My son, Buddy, moved out August 1st. I am halfway to being an empty nester, in the official sense. This is the real thing. He’s not going away to university for a year and coming back. I am not making the temporary move to Fort McMurray and finding him at home when I return.
The minute he moved, in fact he wasn’t yet finished, his sister, Princess, moved down to his room. It is further away from our’s and allows for more privacy. When Buddy was away at school I went into his room just to look and feel close to him by standing amongst his things. Now there is no room.
When I’m wandering around upstairs, I still think he is downstairs, tucked in his bed. Watching a movie. Eating a Tim Horton’s doughnut. But he’s not. I have to remind myself, he doesn’t live here anymore.
When he lived under my roof, I was in touch with him about one thing or another; the mail, dinner, the dog. Now I don’t know the rules for parenting an adult son. What is the line between caring and overbearing?

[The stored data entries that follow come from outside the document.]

lemma vperm_ev_hat_z_check_sets:
  assumes l: "1 \<le> l" and pq: "p \<in> {l..m}" "q \<in> {l..m}" "p \<noteq> q" and S: "S \<in> z_check_sets l m"
  shows "vperm (point_transvection m p q) (ev_hat m S) \<in> vspan (ev_hat m ` z_check_sets l m)"
proof (cases "p \<notin> S \<and> q \<in> S")
  case True
  have Sm: "S \<subseteq> {1..m}" and card_S: "l \<le> card S" and S_not: "S \<notin> logical_sets l m"
    using S by (simp_all add: z_check_sets_def)
  have fin: "finite S" using Sm by (rule finite_subset_atLeastAtMost)
  have pm: "p \<in> {1..m}" and qm: "q \<in> {1..m}" using pq l by auto
  have "card (insert p S) = card S + 1" using True fin by simp
  then have "insert p S \<in> z_check_sets l m"
    using Sm pm card_S card_of_logical_sets[OF l, of "insert p S" m] by (auto simp: z_check_sets_def)
  moreover have "insert p (S - {q}) \<in> z_check_sets l m"
  proof -
    have "0 < card S" using True fin by (auto simp: card_gt_0_iff)
    then have card_eq: "card (insert p (S - {q})) = card S"
      using True fin by (simp add: card_Diff_singleton)
    have "insert p (S - {q}) \<notin> logical_sets l m"
    proof
      assume "insert p (S - {q}) \<in> logical_sets l m"
      then obtain j where j: "insert p (S - {q}) = logical_set l j"
        by (auto simp: logical_sets_def)
      then have "p \<in> logical_set l j" by blast
      then have "p = j" using pq(1) unfolding logical_set_def by auto
      have "S - {q} = insert p (S - {q}) - {p}" using True by auto
      also have "\<dots> = logical_set l p - {p}" using j \<open>p = j\<close> by simp
      also have "\<dots> = {1..l-1}" using pq(1) unfolding logical_set_def by auto
      finally have "S - {q} = {1..l-1}" .
      then have "S = logical_set l q" using True unfolding logical_set_def by auto
      with S_not pq(2) show False by (simp add: logical_sets_def)
    qed
    then show ?thesis using card_eq card_S Sm pm by (auto simp: z_check_sets_def)
  qed
  moreover have "ev_hat m S' \<in> vspan (ev_hat m ` z_check_sets l m)" if "S' \<in> z_check_sets l m" for S'
    using that by (intro vspan_base imageI)
  ultimately show ?thesis
    using True S vperm_ev_hat_point_transvection[OF pm qm pq(3) Sm] by (auto intro!: vspan_vadd)
next
  case False
  have "S \<subseteq> {1..m}" using S by (simp add: z_check_sets_def)
  then show ?thesis
    using False S pq l vperm_ev_hat_point_transvection[of p m q S] by (auto intro: vspan_base)
qed

section \<open>The code\<close>

locale rm_phantom_code =
  fixes m l :: nat and HX HZ :: "vec list"
  assumes l_pos: "1 \<le> l" and l_le_m: "l \<le> m"
    and rs_HX: "rs HX = vspan (ev_mono m ` x_check_sets l m)"
    and rs_HZ: "rs HZ = vspan (ev_hat m ` z_check_sets l m)"
begin

lemma kerM_HZ: "kerM m HZ = vspan (ev_mono m ` (x_check_sets l m \<union> logical_sets l m))"
  using ev_mono.kerM_eq_vspan[OF z_check_sets_subset_Pow rs_HZ] unfolding Pow_diff_z_check_sets[OF l_pos] .

lemma kerM_HX: "kerM m HX = vspan (ev_hat m ` (z_check_sets l m \<union> logical_sets l m))"
  using ev_hat.kerM_eq_vspan[OF x_check_sets_subset_Pow rs_HX] unfolding Pow_diff_x_check_sets[OF l_pos] .

lemma orth: "orth m HX HZ"
proof -
  have "set HX \<subseteq> kerM m HZ"
    using vspan_mono[of "ev_mono m ` x_check_sets l m" "ev_mono m ` (x_check_sets l m \<union> logical_sets l m)"]
    unfolding kerM_HZ by (auto simp: rs_HX[symmetric] rs_def intro: vspan_base)
  then show ?thesis unfolding orth_def kerM_def by (auto simp: dot_commute)
qed

lemma css_k_eq: "css_k m HX HZ = int (m - l + 1)"
proof -
  have "rank HX = card (x_check_sets l m)" "rank HZ = card (z_check_sets l m)"
    unfolding rank_def rs_HX rs_HZ
    by (rule ev_mono.vdim_vspan[OF x_check_sets_subset_Pow], rule ev_hat.vdim_vspan[OF z_check_sets_subset_Pow])
  then show ?thesis
    unfolding css_k_def using card_check_sets[OF l_pos l_le_m] by linarith
qed

lemma logical_set_in_logical_sets: "i < m - l + 1 \<Longrightarrow> logical_set l (l + i) \<in> logical_sets l m"
  unfolding logical_sets_def using l_le_m by auto
(* Let $\lambda>1$. For all $\mu\in\mathscr P(\mathcal K)$ and $\pi\in\Delta_k$, $$\Psi^\lambda_\star(\mu)\le\frac{2^\lambda\,\Delta_\star(\mu)^{\lambda-1}\,\Delta(\pi,\mu)}{\mathrm I(\pi,\mu)},$$ in both the standard and Rustichini settings (with the conventions $0/0=0$ and $c/0=\infty$ for $c>0$).
   Context: A $k$-action partial monitoring game: set $\mathcal Z$, loss $\mathcal L:[k]\times\mathcal Z\to[0,1]$, signal $\mathcal S:[k]\times\mathcal Z\to\Sigma$, $k$ finite. $\mathcal K$ = finitely supported probability distributions on $\mathcal Z$; $\Delta_k$ = probability simplex on $[k]$; $\mathcal L(a,x)=\sum_z x(z)\mathcal L(a,z)$, $\mathcal L(\pi,x)=\sum_a\pi(a)\mathcal L(a,x)$; $\mathcal S(a,x)$ = law of $\mathcal S(a,z)$, $z\sim x$. Standard setting: $\mathcal Z$ arbitrary, $\mathcal V(\pi,x)=\mathcal L(\pi,x)$, $\mathcal V_\star(x)=\min_a\mathcal L(a,x)$. Rustichini setting: $\mathcal Z$ finite, $x\,\mathrm R\,y$ iff $\mathcal S(a,x)=\mathcal S(a,y)\ \forall a$, $\mathcal V(\pi,x)=\sup_{y\,\mathrm R\,x}\mathcal L(\pi,y)$, $\mathcal V_\star(x)=\min_{\pi\in\Delta_k}\mathcal V(\pi,x)$. $\mathscr P(\mathcal K)$ = finitely supported probability measures on $\mathcal K$. For $\mu\in\mathscr P(\mathcal K)$: $\mathcal S(a,\mu)=\mathcal S(a,\sum_x\mu(x)x)$; $\mathrm I(\pi,\mu)=\sum_a\pi(a)\sum_{x\in\operatorname{spt}\mu}\operatorname{KL}(\mathcal S(a,\mu),\mathcal S(a,x))$; $\Delta(\pi,\mu)=\sum_x\mu(x)(\mathcal V(\pi,x)-\mathcal V_\star(x))$; $\Delta_\star(\mu)=\min_{\pi\in\Delta_k}\Delta(\pi,\mu)$; $\Psi^\lambda(\pi,\mu)=\Delta(\pi,\mu)^\lambda/\mathrm I(\pi,\mu)$; $\Psi^\lambda_\star(\mu)=\inf_{\pi\in\Delta_k}\Psi^\lambda(\pi,\mu)$. *)

theory Defs
  imports Complex_Main "HOL-Library.Extended_Real"
begin

text \<open>Actions are the naturals a < k.\<close>

definition spt :: "('b \<Rightarrow> real) \<Rightarrow> 'b set" where
  "spt f = {z. f z \<noteq> 0}"

definition inK :: "('z \<Rightarrow> real) \<Rightarrow> bool" where
  "inK x \<longleftrightarrow> (\<forall>z. 0 \<le> x z) \<and> finite (spt x) \<and> sum x (spt x) = 1"

definition inPK :: "(('z \<Rightarrow> real) \<Rightarrow> real) \<Rightarrow> bool" where
  "inPK mu \<longleftrightarrow> (\<forall>x. 0 \<le> mu x) \<and> finite (spt mu) \<and> sum mu (spt mu) = 1
      \<and> (\<forall>x\<in>spt mu. inK x)"

definition simplex :: "nat \<Rightarrow> (nat \<Rightarrow> real) set" where
  "simplex k = {p. (\<forall>a<k. 0 \<le> p a) \<and> (\<Sum>a<k. p a) = 1}"

definition lossx :: "(nat \<Rightarrow> 'z \<Rightarrow> real) \<Rightarrow> nat \<Rightarrow> ('z \<Rightarrow> real) \<Rightarrow> real" where
  "lossx L a x = (\<Sum>z\<in>spt x. x z * L a z)"

definition lossp :: "nat \<Rightarrow> (nat \<Rightarrow> 'z \<Rightarrow> real) \<Rightarrow> (nat \<Rightarrow> real) \<Rightarrow> ('z \<Rightarrow> real) \<Rightarrow> real" where
  "lossp k L p x = (\<Sum>a<k. p a * lossx L a x)"

definition sig :: "(nat \<Rightarrow> 'z \<Rightarrow> 's) \<Rightarrow> nat \<Rightarrow> ('z \<Rightarrow> real) \<Rightarrow> 's \<Rightarrow> real" where
  "sig S a x = (\<lambda>s. \<Sum>z\<in>{z\<in>spt x. S a z = s}. x z)"

definition mean :: "(('z \<Rightarrow> real) \<Rightarrow> real) \<Rightarrow> 'z \<Rightarrow> real" where
  "mean mu = (\<lambda>z. \<Sum>x\<in>spt mu. mu x * x z)"

definition KL :: "('s \<Rightarrow> real) \<Rightarrow> ('s \<Rightarrow> real) \<Rightarrow> ereal" where
  "KL p q = (if \<exists>s. p s > 0 \<and> q s = 0 then \<infinity>
             else ereal (\<Sum>s\<in>spt p. p s * ln (p s / q s)))"

definition Info :: "nat \<Rightarrow> (nat \<Rightarrow> 'z \<Rightarrow> 's) \<Rightarrow> (nat \<Rightarrow> real) \<Rightarrow> (('z \<Rightarrow> real) \<Rightarrow> real) \<Rightarrow> ereal" where
  "Info k S p mu = (\<Sum>a<k. ereal (p a) * (\<Sum>x\<in>spt mu. KL (sig S a (mean mu)) (sig S a x)))"

datatype setting = Standard | Rustichini

definition Rel :: "nat \<Rightarrow> (nat \<Rightarrow> 'z \<Rightarrow> 's) \<Rightarrow> ('z \<Rightarrow> real) \<Rightarrow> ('z \<Rightarrow> real) \<Rightarrow> bool" where
  "Rel k S x y \<longleftrightarrow> (\<forall>a<k. sig S a x = sig S a y)"

definition Val :: "setting \<Rightarrow> nat \<Rightarrow> (nat \<Rightarrow> 'z \<Rightarrow> real) \<Rightarrow> (nat \<Rightarrow> 'z \<Rightarrow> 's)
    \<Rightarrow> (nat \<Rightarrow> real) \<Rightarrow> ('z \<Rightarrow> real) \<Rightarrow> real" where
  "Val st k L S p x = (case st of
      Standard \<Rightarrow> lossp k L p x
    | Rustichini \<Rightarrow> Sup {lossp k L p y | y. inK y \<and> Rel k S y x})"

definition Valstar :: "setting \<Rightarrow> nat \<Rightarrow> (nat \<Rightarrow> 'z \<Rightarrow> real) \<Rightarrow> (nat \<Rightarrow> 'z \<Rightarrow> 's)
    \<Rightarrow> ('z \<Rightarrow> real) \<Rightarrow> real" where
  "Valstar st k L S x = (case st of
      Standard \<Rightarrow> Min ((\<lambda>a. lossx L a x) ` {..<k})
    | Rustichini \<Rightarrow> Inf ((\<lambda>p. Val Rustichini k L S p x) ` simplex k))"

definition Gap :: "setting \<Rightarrow> nat \<Rightarrow> (nat \<Rightarrow> 'z \<Rightarrow> real) \<Rightarrow> (nat \<Rightarrow> 'z \<Rightarrow> 's)
    \<Rightarrow> (nat \<Rightarrow> real) \<Rightarrow> (('z \<Rightarrow> real) \<Rightarrow> real) \<Rightarrow> real" where
  "Gap st k L S p mu = (\<Sum>x\<in>spt mu. mu x * (Val st k L S p x - Valstar st k L S x))"

definition Gapstar :: "setting \<Rightarrow> nat \<Rightarrow> (nat \<Rightarrow> 'z \<Rightarrow> real) \<Rightarrow> (nat \<Rightarrow> 'z \<Rightarrow> 's)
    \<Rightarrow> (('z \<Rightarrow> real) \<Rightarrow> real) \<Rightarrow> real" where
  "Gapstar st k L S mu = Inf ((\<lambda>p. Gap st k L S p mu) ` simplex k)"

definition ediv :: "real \<Rightarrow> ereal \<Rightarrow> ereal" where
  "ediv c I = (if I = 0 then (if c = 0 then 0 else \<infinity>)
               else if I = \<infinity> then 0 else ereal c / I)"

definition Psi :: "real \<Rightarrow> setting \<Rightarrow> nat \<Rightarrow> (nat \<Rightarrow> 'z \<Rightarrow> real) \<Rightarrow> (nat \<Rightarrow> 'z \<Rightarrow> 's)
    \<Rightarrow> (nat \<Rightarrow> real) \<Rightarrow> (('z \<Rightarrow> real) \<Rightarrow> real) \<Rightarrow> ereal" where
  "Psi lam st k L S p mu = ediv (Gap st k L S p mu powr lam) (Info k S p mu)"

definition Psistar :: "real \<Rightarrow> setting \<Rightarrow> nat \<Rightarrow> (nat \<Rightarrow> 'z \<Rightarrow> real) \<Rightarrow> (nat \<Rightarrow> 'z \<Rightarrow> 's)
    \<Rightarrow> (('z \<Rightarrow> real) \<Rightarrow> real) \<Rightarrow> ereal" where
  "Psistar lam st k L S mu = (INF p\<in>simplex k. Psi lam st k L S p mu)"

end

theory Submission
  imports Defs "HOL-Analysis.Function_Topology" "HOL-Analysis.Elementary_Normed_Spaces"
begin

text \<open>Let \<open>q\<close> minimise \<open>\<Delta>(\<cdot>,\<mu>)\<close> over the simplex and mix it with \<open>\<pi>\<close>: the policy
  \<open>\<pi>' = (1 - \<epsilon>) q + \<epsilon> \<pi>\<close> with \<open>\<epsilon> = \<Delta>\<^sub>\<star>(\<mu>) / \<Delta>(\<pi>,\<mu>)\<close>.  Since \<open>\<Delta>(\<cdot>,\<mu>)\<close> is convex,
  \<open>\<Delta>(\<pi>',\<mu>) \<le> (1 - \<epsilon>) \<Delta>\<^sub>\<star>(\<mu>) + \<epsilon> \<Delta>(\<pi>,\<mu>) \<le> 2 \<Delta>\<^sub>\<star>(\<mu>)\<close>, and since \<open>I(\<cdot>,\<mu>)\<close> is linear
  with nonnegative coefficients, \<open>I(\<pi>',\<mu>) \<ge> \<epsilon> I(\<pi>,\<mu>)\<close>.  Hence
  \<open>\<Psi>\<^sup>\<lambda>(\<pi>',\<mu>) \<le> (2 \<Delta>\<^sub>\<star>(\<mu>))\<^sup>\<lambda> / (\<epsilon> I(\<pi>,\<mu>))\<close>, which is the claimed bound.  The minimiser
  exists because \<open>\<Delta>(\<cdot>,\<mu>)\<close> is 1-Lipschitz for the \<open>\<ell>\<^sub>1\<close>-distance on the (compact) simplex;
  in the Rustichini setting both convexity and the Lipschitz bound pass to the supremum.\<close>

definition unit_loss :: "(nat \<Rightarrow> 'z \<Rightarrow> real) \<Rightarrow> bool" where
  "unit_loss L \<longleftrightarrow> (\<forall>a z. 0 \<le> L a z \<and> L a z \<le> 1)"

lemma lossx_nonneg_le_one:
  assumes "inK y" "unit_loss L"
  shows "0 \<le> lossx L a y \<and> lossx L a y \<le> 1"
proof -
  have y: "\<And>z. 0 \<le> y z" "sum y (spt y) = 1" using assms(1) by (auto simp: inK_def)
  have "0 \<le> lossx L a y" unfolding lossx_def using y assms(2) by (intro sum_nonneg) (auto simp: unit_loss_def)
  moreover have "lossx L a y \<le> sum y (spt y)" unfolding lossx_def
    using y assms(2) by (intro sum_mono) (simp add: mult_left_le unit_loss_def)
  ultimately show ?thesis using y by simp
qed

For the first time, as a mother, I don’t know how to behave. I don’t want to be the mother that smothers but I want Buddy to know that I think about him everyday.
I am happy he has suggested he’d like a family dinner once a week. Yes, I can make that happen. But, is that the only contact now? I could call him everyday to say, “I miss you. I love you. I am thinking of you. Are you eating okay? How are you doing for money? Is the budget working out? How’s the job? How are your investments doing?”
Instead I asked him, “What should our relationship be now?”
Since I asked, we’ve have been for brunch, taken a drive, and spent the afternoon chatting. Each was unexpected and loved. Last week we went to a concert and afterward he gave me a longer-than-normal hug. He is letting me know it is going to be okay. We are co-creating our relationship now. This is the way it will be and it’s all good.